Providing food to our public schools is solely government responsibility, albeit even during Nyerere’s rosy years, some foodstuffs hailed from the US. We still reminisce with “buruga” and wonder whether it was raw roasted wheat mixed with powdered milk and sugar. Some thought it was not wheat but roasted barley, powdered milk, and sugar!

Whatever it was, it nourished our bodies, and we were healthy. Then, it abruptly stopped. Nobody had the decency to explain why the good old days were over!

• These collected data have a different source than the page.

lemma mult_frechet_derivative_ln:
  fixes f :: "'p::real_normed_vector \<Rightarrow> real"
  assumes "0 < f \<theta>" and "(f has_derivative f') (at \<theta>)"
  shows "f \<theta> * frechet_derivative (\<lambda>th. ln (f th)) (at \<theta>) h = f' h"
proof -
  have "((\<lambda>th. ln (f th)) has_derivative (\<lambda>h. f' h * inverse (f \<theta>))) (at \<theta>)"
    using assms by (rule has_derivative_ln)
  then show ?thesis
    using assms(1) by (simp add: frechet_derivative_at[symmetric])
qed

theorem theorem4:
  fixes P :: "'s::finite \<Rightarrow> 'a::finite \<Rightarrow> 's \<Rightarrow> real"
    and r :: "'s \<Rightarrow> 'a \<Rightarrow> real"
    and \<gamma> :: real
    and Pnu :: "real^'s^'u::finite"
    and \<pi> :: "'p::euclidean_space \<Rightarrow> 's \<Rightarrow> 'a \<Rightarrow> real"
    and \<theta> :: 'p
    and u :: 'u
  assumes P_nonneg: "\<And>s a s'. P s a s' \<ge> 0"
    and P_sum: "\<And>s a. (\<Sum>s'\<in>UNIV. P s a s') = 1"
    and gamma: "0 < \<gamma>" "\<gamma> < 1"
    and nu_nonneg: "\<And>x s. Pnu $ x $ s \<ge> 0"
    and nu_sum: "\<And>x. (\<Sum>s\<in>UNIV. Pnu $ x $ s) = 1"
    and full_rank: "rank Pnu = CARD('u)"
    and pi_pos: "\<And>th s a. \<pi> th s a > 0"
    and pi_sum: "\<And>th s. (\<Sum>a\<in>UNIV. \<pi> th s a) = 1"
    and pi_diff: "\<And>th s a. (\<lambda>th'. \<pi> th' s a) differentiable (at th)"
    and spec: "\<And>th. spectral_radius (\<gamma> *\<^sub>R PU Pnu P (\<pi> th)) < 1"
  shows "((\<lambda>th. VU \<gamma> Pnu P r (\<pi> th) $ u) has_derivative
           (\<lambda>h. \<Sum>x\<in>UNIV. eta \<gamma> (PU Pnu P (\<pi> \<theta>)) x u *
                  (\<Sum>s\<in>UNIV. Pnu $ x $ s *
                    (\<Sum>a\<in>UNIV. \<pi> \<theta> s a *
                       frechet_derivative (\<lambda>th. ln (\<pi> th s a)) (at \<theta>) h *
                       (r s a + \<gamma> * (\<Sum>u'\<in>UNIV. P1 Pnu P u' s a * VU \<gamma> Pnu P r (\<pi> \<theta>) $ u'))))))
         (at \<theta>)"
proof -
  define d\<pi> where "d\<pi> s a = frechet_derivative (\<lambda>th. \<pi> th s a) (at \<theta>)" for s a
  have d\<pi>: "((\<lambda>th. \<pi> th s a) has_derivative d\<pi> s a) (at \<theta>)" for s a
    unfolding d\<pi>_def using pi_diff frechet_derivative_works by blast
  define V where "V = VU \<gamma> Pnu P r (\<pi> \<theta>)"
  have "((\<lambda>th. VU \<gamma> Pnu P r (\<pi> th) $ u) has_derivative
          (\<lambda>h. \<Sum>x\<in>UNIV. eta \<gamma> (PU Pnu P (\<pi> \<theta>)) x u *
                 ((\<Sum>s\<in>UNIV. Pnu $ x $ s * (\<Sum>a\<in>UNIV. d\<pi> s a h * r s a)) +
                  \<gamma> * (\<Sum>y\<in>UNIV. (\<Sum>s\<in>UNIV. Pnu $ x $ s * (\<Sum>a\<in>UNIV. d\<pi> s a h * P1 Pnu P y s a)) *
                         V $ y)))) (at \<theta>)"
    unfolding V_def VU_def eta_eq_matrix_inv[OF spec]
    by (rule has_derivative_resolvent_mult[where A = "\<lambda>th. PU Pnu P (\<pi> th)"])
      (intro matpow_sums_matrix_inv(1) spec has_derivative_PU_component
        has_derivative_mult_RS_component d\<pi>)+
  then show ?thesis
    unfolding V_def[symmetric] sum_mult_policy_expectation
    by (simp add: mult_frechet_derivative_ln[OF pi_pos d\<pi>] sum_distrib_left distrib_left
        sum.distrib mult_ac)
qed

After the “buruga” was taken away from our menu, we resorted to local foodstuffs, which were bland and inflicted malnutrition on us because they were not what was a balanced diet. The local food had too much starch, little proteins, and almost no vitamins and minerals. Some suffered bile, which was misdiagnosed as malaria, and they were jabbed regularly for a disease they never had. I happened to be one of them. We all needed a balanced diet, a luxury we can afford to overlook!

Read related: Tanzania’s Food Systems Stance: Addressing Data Gaps for Sustainable Agriculture and Food Security.

A careful reading in the Netizen, one can see the public attitude has changed towards food aid, in particular when that food comes from countries that glorify “sodomy” as a human right! One commenter rushed to judgment when he linked food aid with a long-term strategy to convert our children into “sexual trans“. He went on to say without providing an iota of evidence that the supplements added in the food aid earmarked for our children were laced with female hormones that our boys may begin to feel the urge to alter their gender!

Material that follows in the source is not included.